Throughout many western forest ecosystems, fire is an historical and influential ecological process, and many native plants have adapted characteristics to allow them to persist with repeated burning (Agee 1996). However, after more than a century of fire suppression and exclusion, resulting in an excess of fuels, fires are often more intense and burn with higher severity in some forested ecosystems. Post fire, this can lead to an increased likelihood of colonization by some non-native species (Keeley et al. 2003, Fornwalt et al. 2010). High severity fires decrease canopy cover, increase light levels and nutrients, and are more likely to expose mineral soil (Keeley et al. 2003). However, in a study that covered all elevations of Yosemite National Park, California, USA, Klinger et al. (2006) found no difference in non-native plant species richness or cover between burned and unburned plots. They concluded that environmental gradients including elevation overrode the response to fire and that non-native species that did occur in burned areas decreased with time.
Lowland areas are often hotspots for non-native species establishment, and can act as corridors for the spread of some non-natives (Stohlgren et al. 1998). Lowland sites include seasonal and perennial riparian corridors and wet meadows. Although much work has been done on non-natives in lowland systems, few studies have looked at the interaction of fire and non-natives in these lowland areas.
In this study, we assess non-native species colonization on burned mid-elevation mixed conifer forest in Yosemite National Park across varying burn severity on lowland and upland landscape positions. These forests are predicted to have lower abundance of non-native species (Klinger et al. 2006) and have historically been studied less than lower elevation forests and shrublands, such as ponderosa pine (Pinus ponderosa C. Laws.) forest and chaparral. We examined the relationship between three classes of burn severity (low, moderate, and high) and density of non-native plants by species in upland and lowland sites.
Located in the central Sierra Nevada, Yosemite National Park totals 302 768 ha and has an elevation range from 524 m to 3998 m. Yosemite contains over 1400 species of vascular plants including 155 non-native species (Botti 2001), 63 of which are ranked as priority species for management (Gerlach et al. 2003).

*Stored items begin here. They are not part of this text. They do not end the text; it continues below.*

lemma psd_kernel_gram:
  assumes "psd_kernel n Q"
  obtains N :: nat and w where "\<And>i j. i < n \<Longrightarrow> j < n \<Longrightarrow> Q i j = (\<Sum>m<N. w m i * cnj (w m j))"
proof -
  have "\<exists>(N::nat) w. \<forall>i<n. \<forall>j<n. Q i j = (\<Sum>m<N. w m i * cnj (w m j))"
    if "psd_kernel n Q" "\<And>i j. i < n \<Longrightarrow> j < n \<Longrightarrow> i < k \<or> j < k \<Longrightarrow> Q i j = 0" for k Q
    using that
  proof (induction "n - k" arbitrary: k Q)
    case 0
    then have "\<forall>i<n. \<forall>j<n. Q i j = 0" by auto
    then show ?case by (rule_tac x=0 in exI) simp
  next
    case (Suc r)
    then have "k < n" by simp
    obtain Q' c where Q': "psd_kernel n Q'"
      "\<And>i j. i < n \<Longrightarrow> j < n \<Longrightarrow> i < Suc k \<or> j < Suc k \<Longrightarrow> Q' i j = 0"
      and split: "\<And>i j. i < n \<Longrightarrow> j < n \<Longrightarrow> Q i j = Q' i j + c i * cnj (c j)"
      using psd_kernel_split_rank_one[OF Suc.prems(1) \<open>k < n\<close> Suc.prems(2)] by blast
    have "r = n - Suc k" using Suc.hyps(2) by arith
    then obtain N :: nat and w where w: "\<forall>i<n. \<forall>j<n. Q' i j = (\<Sum>m<N. w m i * cnj (w m j))"
      using Suc.hyps(1)[OF _ Q'(1,2)] by blast
    have "\<forall>i<n. \<forall>j<n. Q i j = (\<Sum>m<Suc N. (w(N := c)) m i * cnj ((w(N := c)) m j))"
      using w split by simp
    then show ?case by blast
  qed
  from this[of Q 0] assms that show thesis by auto
qed

lemma trace_gram_product_nonneg:
  fixes u :: "'p \<Rightarrow> nat \<Rightarrow> complex" and z :: "'m \<Rightarrow> nat \<Rightarrow> complex"
  assumes P: "\<And>K L. K < D \<Longrightarrow> L < D \<Longrightarrow> P K L = (\<Sum>p\<in>I. u p K * cnj (u p L))"
    and Q: "\<And>K L. K < D \<Longrightarrow> L < D \<Longrightarrow> Q K L = (\<Sum>m\<in>J. z m K * cnj (z m L))"
  shows "Re (\<Sum>K<D. \<Sum>L<D. P K L * Q L K) \<ge> 0"
proof -
  define f where "f = (\<lambda>K L p m. u p K * cnj (z m K) * (cnj (u p L) * z m L))"
  have "(\<Sum>K<D. \<Sum>L<D. P K L * Q L K) = (\<Sum>K<D. \<Sum>L<D. \<Sum>p\<in>I. \<Sum>m\<in>J. f K L p m)"
    using P Q unfolding f_def
    by (auto intro!: sum.cong simp: sum_distrib_left sum_distrib_right mult_ac)
  also have "\<dots> = (\<Sum>K<D. \<Sum>p\<in>I. \<Sum>L<D. \<Sum>m\<in>J. f K L p m)"
    by (rule sum.cong[OF refl], rule sum.swap)
  also have "\<dots> = (\<Sum>p\<in>I. \<Sum>K<D. \<Sum>L<D. \<Sum>m\<in>J. f K L p m)"
    by (rule sum.swap)
  also have "\<dots> = (\<Sum>p\<in>I. \<Sum>K<D. \<Sum>m\<in>J. \<Sum>L<D. f K L p m)"
    by (intro sum.cong refl, rule sum.swap)
  also have "\<dots> = (\<Sum>p\<in>I. \<Sum>m\<in>J. \<Sum>K<D. \<Sum>L<D. f K L p m)"
    by (intro sum.cong refl, rule sum.swap)
  also have "\<dots> = (\<Sum>p\<in>I. \<Sum>m\<in>J. (\<Sum>K<D. u p K * cnj (z m K)) * cnj (\<Sum>K<D. u p K * cnj (z m K)))"
    unfolding f_def by (simp add: sum_product mult_ac)
  finally have expansion: "(\<Sum>K<D. \<Sum>L<D. P K L * Q L K) = \<dots>" .
  have "Re (a * cnj a) \<ge> 0" for a :: complex by (simp add: add_nonneg_nonneg)
  then show ?thesis unfolding expansion Re_sum by (intro sum_nonneg)
qed
theorem mainTheorem12:
  fixes n :: nat and a :: "nat \<Rightarrow> nat" and \<beta> \<epsilon> c\<^sub>2 Z :: real
  assumes a_nonzero: "\<exists>i<n. a i \<noteq> 0"
    and a_sorted: "\<forall>i j. i \<le> j \<longrightarrow> j < n \<longrightarrow> a j \<le> a i"
    and \<beta>: "0 < \<beta>" "\<beta> < 1"
    and \<epsilon>: "\<epsilon> > 0" and c2: "c\<^sub>2 > 0"
    and c2\<epsilon>: "0 < c\<^sub>2 * \<epsilon>" "c\<^sub>2 * \<epsilon> < 1"
    and \<beta>_bound: "1 - \<beta> \<ge> c\<^sub>2 * \<epsilon> / (real n * (\<Sum>i<n. real (a i)))"
    and Z_lower: "vol n (Qk n a \<beta> 0 \<inter> Qk n a \<beta> 1) \<le> Z"
    and Z_upper: "Z \<le> (1 + c\<^sub>2 * \<epsilon>^2 / (2 * real n)) * vol n (Qk n a \<beta> 0 \<inter> Qk n a \<beta> 1)"
  shows "(1 - \<epsilon>) * (2 ^ n / fact n - vol n (Qk n a \<beta> 1 \<inter> Qk n a \<beta> 0)) \<le> 2 ^ n / fact n - Z
       \<and> 2 ^ n / fact n - Z \<le> 2 ^ n / fact n - vol n (Qk n a \<beta> 1 \<inter> Qk n a \<beta> 0)"
proof -
  define V where "V = vol n (Qk n a \<beta> 0 \<inter> Qk n a \<beta> 1)"
  define \<delta> where "\<delta> = c\<^sub>2 * \<epsilon> / (2 * real n)"
  define c where "c i = (1 - \<beta>) * real (a i)" for i
  obtain i where i: "i < n" "a i \<noteq> 0" using a_nonzero by blast
  have "c\<^sub>2 * \<epsilon> / (real n)\<^sup>2 \<le> (1 - \<beta>) * real (a 0)"
    using a_nonzero a_sorted c2\<epsilon> \<beta>_bound
    by (intro div_square_le_mul_max_of_sum_bound) auto
  then have shift: "\<delta> / n \<le> c 0 / 2"
    by (simp add: \<delta>_def c_def power2_eq_square field_simps)
  have \<delta>: "0 \<le> \<delta>" "\<delta> \<le> 1"
    using c2\<epsilon> i by (auto simp: \<delta>_def field_simps)
  have "V \<le> l1_ball_volume n (1 - c 0 / 2)"
    using emeasure_inter_l1_balls_le[of "{..<n}" 0 c \<beta>] i \<beta>
    unfolding V_def vol_def measure_def Qk_def l1_ball_eq_l1_ball_on c_def
    by (intro enn2real_leI l1_ball_volume_nonneg) simp
  then have "V * (1 + \<delta>) \<le> l1_ball_volume n (1 - c 0 / 2) * (1 + \<delta>)"
    using \<delta> by (intro mult_right_mono) auto
  also have "\<dots> \<le> 2 ^ n / fact n"
    using \<delta> shift i by (intro l1_ball_volume_shrunk_mul_le) (auto intro: order_trans[of _ 1])
  finally have "V * (1 + \<delta>) \<le> 2 ^ n / fact n" .
  moreover have "Z \<le> (1 + \<epsilon> * \<delta>) * V"
    using Z_upper by (simp add: V_def \<delta>_def power2_eq_square mult.left_commute)
  ultimately show ?thesis
    using one_minus_mul_diff_le_diff[of V \<delta> "2 ^ n / fact n" \<epsilon> Z] \<epsilon> Z_lower
    by (simp add: V_def Int_commute)
qed

end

We chose the Tuolumne Fire of 2003 because of its large size and range of fire severity and landscape positions. This fire burned 1540 ha in upper montane conifer forest, ranging in elevation from 1890 m to 2560 m. The forest and woodland communities were predominantly mixtures of red fir (Abies magnifica A. Murray) and white fir (A. concolor [Gord. & Glend.] Lindl. ex Hildebr.), with Jeffrey pine (Pinus jeffreyi Balf.), lodgepole pine (P. contorta Douglas ex Louden var. murrayana [Balf.] Engelm.), western white pine (P. monticola Douglas ex D. Don), and sugar pine (P. lambertiana Douglas). Based on surveys throughout the park, Underwood et al. (2004) predicted that few non-natives would occur within the burn. Burn severity, as determined by the relative differenced normalized burn ratio (RdNBR) (Miller and Thode 2007), was heterogeneous throughout the burn, with approximately 44 % of the site described as a moderate burn, 30 % as a low severity burn, 17 % as a high severity burn, and 9 % of the area was unburned. The burned area contains perennial and seasonal drainages.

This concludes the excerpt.